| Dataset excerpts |

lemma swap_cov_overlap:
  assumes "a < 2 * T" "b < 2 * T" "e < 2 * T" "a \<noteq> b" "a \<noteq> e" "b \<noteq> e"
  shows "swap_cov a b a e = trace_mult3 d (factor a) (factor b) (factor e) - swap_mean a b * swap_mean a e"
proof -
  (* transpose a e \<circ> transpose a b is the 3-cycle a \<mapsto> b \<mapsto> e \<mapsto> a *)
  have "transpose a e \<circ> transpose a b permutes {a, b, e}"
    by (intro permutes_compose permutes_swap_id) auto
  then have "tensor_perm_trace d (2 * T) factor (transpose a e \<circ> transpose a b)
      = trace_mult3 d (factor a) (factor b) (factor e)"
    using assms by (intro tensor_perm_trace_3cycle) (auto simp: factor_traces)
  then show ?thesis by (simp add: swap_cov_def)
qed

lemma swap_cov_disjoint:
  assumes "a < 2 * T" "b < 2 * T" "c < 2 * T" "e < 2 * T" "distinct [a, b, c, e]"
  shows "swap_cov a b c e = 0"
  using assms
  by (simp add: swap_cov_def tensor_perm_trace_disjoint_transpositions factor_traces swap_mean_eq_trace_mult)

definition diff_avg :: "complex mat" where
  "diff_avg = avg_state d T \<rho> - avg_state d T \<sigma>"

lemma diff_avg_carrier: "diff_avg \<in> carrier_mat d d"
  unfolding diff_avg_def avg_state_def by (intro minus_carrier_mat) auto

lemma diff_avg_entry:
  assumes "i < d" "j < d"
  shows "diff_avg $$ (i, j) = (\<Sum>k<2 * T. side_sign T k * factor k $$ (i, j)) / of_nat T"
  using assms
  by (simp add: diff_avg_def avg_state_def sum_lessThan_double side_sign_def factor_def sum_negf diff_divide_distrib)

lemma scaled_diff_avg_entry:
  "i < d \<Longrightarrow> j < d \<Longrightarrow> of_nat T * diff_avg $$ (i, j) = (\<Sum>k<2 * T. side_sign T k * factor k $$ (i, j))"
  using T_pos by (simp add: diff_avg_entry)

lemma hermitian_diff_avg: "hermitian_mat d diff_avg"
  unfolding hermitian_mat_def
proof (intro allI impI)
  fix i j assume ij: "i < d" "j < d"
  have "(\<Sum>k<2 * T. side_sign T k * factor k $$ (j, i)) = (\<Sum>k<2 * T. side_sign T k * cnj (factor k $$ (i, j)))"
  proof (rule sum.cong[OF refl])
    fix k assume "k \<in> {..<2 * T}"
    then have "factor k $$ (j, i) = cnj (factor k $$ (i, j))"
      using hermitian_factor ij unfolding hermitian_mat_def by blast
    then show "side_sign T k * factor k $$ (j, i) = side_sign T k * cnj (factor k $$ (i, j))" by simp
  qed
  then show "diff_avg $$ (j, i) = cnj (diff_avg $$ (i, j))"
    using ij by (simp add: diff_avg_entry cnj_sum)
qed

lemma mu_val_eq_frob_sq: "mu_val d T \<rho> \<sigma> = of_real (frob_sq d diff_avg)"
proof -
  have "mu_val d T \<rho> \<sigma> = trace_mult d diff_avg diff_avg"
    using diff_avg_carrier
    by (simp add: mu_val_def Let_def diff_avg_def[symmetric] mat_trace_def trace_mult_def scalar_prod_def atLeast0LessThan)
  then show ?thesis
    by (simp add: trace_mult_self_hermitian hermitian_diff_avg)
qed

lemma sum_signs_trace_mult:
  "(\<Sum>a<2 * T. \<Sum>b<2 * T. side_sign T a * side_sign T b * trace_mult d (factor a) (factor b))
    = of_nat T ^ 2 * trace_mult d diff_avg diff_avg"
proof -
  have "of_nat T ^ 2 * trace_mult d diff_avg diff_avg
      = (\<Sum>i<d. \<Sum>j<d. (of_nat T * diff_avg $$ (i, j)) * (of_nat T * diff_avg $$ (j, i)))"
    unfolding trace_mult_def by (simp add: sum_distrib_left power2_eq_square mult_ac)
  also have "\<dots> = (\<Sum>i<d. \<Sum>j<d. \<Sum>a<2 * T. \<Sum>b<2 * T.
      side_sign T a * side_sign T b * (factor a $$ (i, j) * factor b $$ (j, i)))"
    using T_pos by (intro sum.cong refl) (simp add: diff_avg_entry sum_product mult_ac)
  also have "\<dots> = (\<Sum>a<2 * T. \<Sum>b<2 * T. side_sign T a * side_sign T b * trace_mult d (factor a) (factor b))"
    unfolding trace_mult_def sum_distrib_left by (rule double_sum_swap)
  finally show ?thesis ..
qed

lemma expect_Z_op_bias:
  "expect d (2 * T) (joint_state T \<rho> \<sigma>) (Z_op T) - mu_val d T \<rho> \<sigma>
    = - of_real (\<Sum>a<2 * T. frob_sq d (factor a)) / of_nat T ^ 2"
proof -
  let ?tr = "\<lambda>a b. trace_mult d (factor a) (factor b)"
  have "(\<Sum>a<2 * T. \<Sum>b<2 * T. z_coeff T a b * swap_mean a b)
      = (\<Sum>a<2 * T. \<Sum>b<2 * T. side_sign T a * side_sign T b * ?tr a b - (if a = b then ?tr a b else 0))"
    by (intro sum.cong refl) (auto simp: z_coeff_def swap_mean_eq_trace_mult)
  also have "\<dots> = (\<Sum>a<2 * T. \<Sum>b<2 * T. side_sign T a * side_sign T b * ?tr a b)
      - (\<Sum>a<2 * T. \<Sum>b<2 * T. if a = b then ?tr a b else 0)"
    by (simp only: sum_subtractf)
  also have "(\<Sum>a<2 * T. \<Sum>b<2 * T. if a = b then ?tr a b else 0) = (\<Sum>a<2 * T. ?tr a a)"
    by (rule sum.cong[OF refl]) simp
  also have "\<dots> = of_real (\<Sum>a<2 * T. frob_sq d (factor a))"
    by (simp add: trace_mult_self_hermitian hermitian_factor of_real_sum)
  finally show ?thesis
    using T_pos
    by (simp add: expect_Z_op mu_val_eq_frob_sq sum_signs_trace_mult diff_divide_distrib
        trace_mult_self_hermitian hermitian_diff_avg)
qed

---

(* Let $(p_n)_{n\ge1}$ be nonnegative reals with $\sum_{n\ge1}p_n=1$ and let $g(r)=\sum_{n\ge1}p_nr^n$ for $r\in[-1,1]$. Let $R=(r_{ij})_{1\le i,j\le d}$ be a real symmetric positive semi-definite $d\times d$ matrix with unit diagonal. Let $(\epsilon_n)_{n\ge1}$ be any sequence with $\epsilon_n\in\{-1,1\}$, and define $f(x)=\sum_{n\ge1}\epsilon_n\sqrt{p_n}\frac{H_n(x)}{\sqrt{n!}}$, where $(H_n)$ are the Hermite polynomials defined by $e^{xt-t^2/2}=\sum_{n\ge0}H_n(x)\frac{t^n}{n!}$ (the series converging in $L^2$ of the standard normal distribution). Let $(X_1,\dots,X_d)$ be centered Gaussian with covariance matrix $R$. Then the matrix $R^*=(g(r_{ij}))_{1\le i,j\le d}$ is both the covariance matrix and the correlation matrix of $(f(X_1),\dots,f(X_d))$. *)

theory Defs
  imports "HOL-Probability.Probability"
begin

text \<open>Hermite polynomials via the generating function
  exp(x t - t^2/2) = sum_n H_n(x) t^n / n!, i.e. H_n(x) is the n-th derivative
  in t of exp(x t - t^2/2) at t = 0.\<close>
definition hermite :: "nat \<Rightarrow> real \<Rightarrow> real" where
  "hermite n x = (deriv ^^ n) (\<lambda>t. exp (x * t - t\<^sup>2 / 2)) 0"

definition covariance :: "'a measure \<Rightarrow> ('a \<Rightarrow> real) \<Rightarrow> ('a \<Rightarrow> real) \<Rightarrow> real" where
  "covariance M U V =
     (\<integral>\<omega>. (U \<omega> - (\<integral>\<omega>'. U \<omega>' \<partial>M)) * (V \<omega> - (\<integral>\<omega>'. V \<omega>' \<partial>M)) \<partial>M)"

| PROBLEM STATEMENT |
What lines above contain the word "refl"? Return each such line.

| SOLUTION TO THIS EXERCISE |
  proof (rule sum.cong[OF refl])
    using T_pos by (intro sum.cong refl) (simp add: diff_avg_entry sum_product mult_ac)
    by (intro sum.cong refl) (auto simp: z_coeff_def swap_mean_eq_trace_mult)
    by (rule sum.cong[OF refl]) simp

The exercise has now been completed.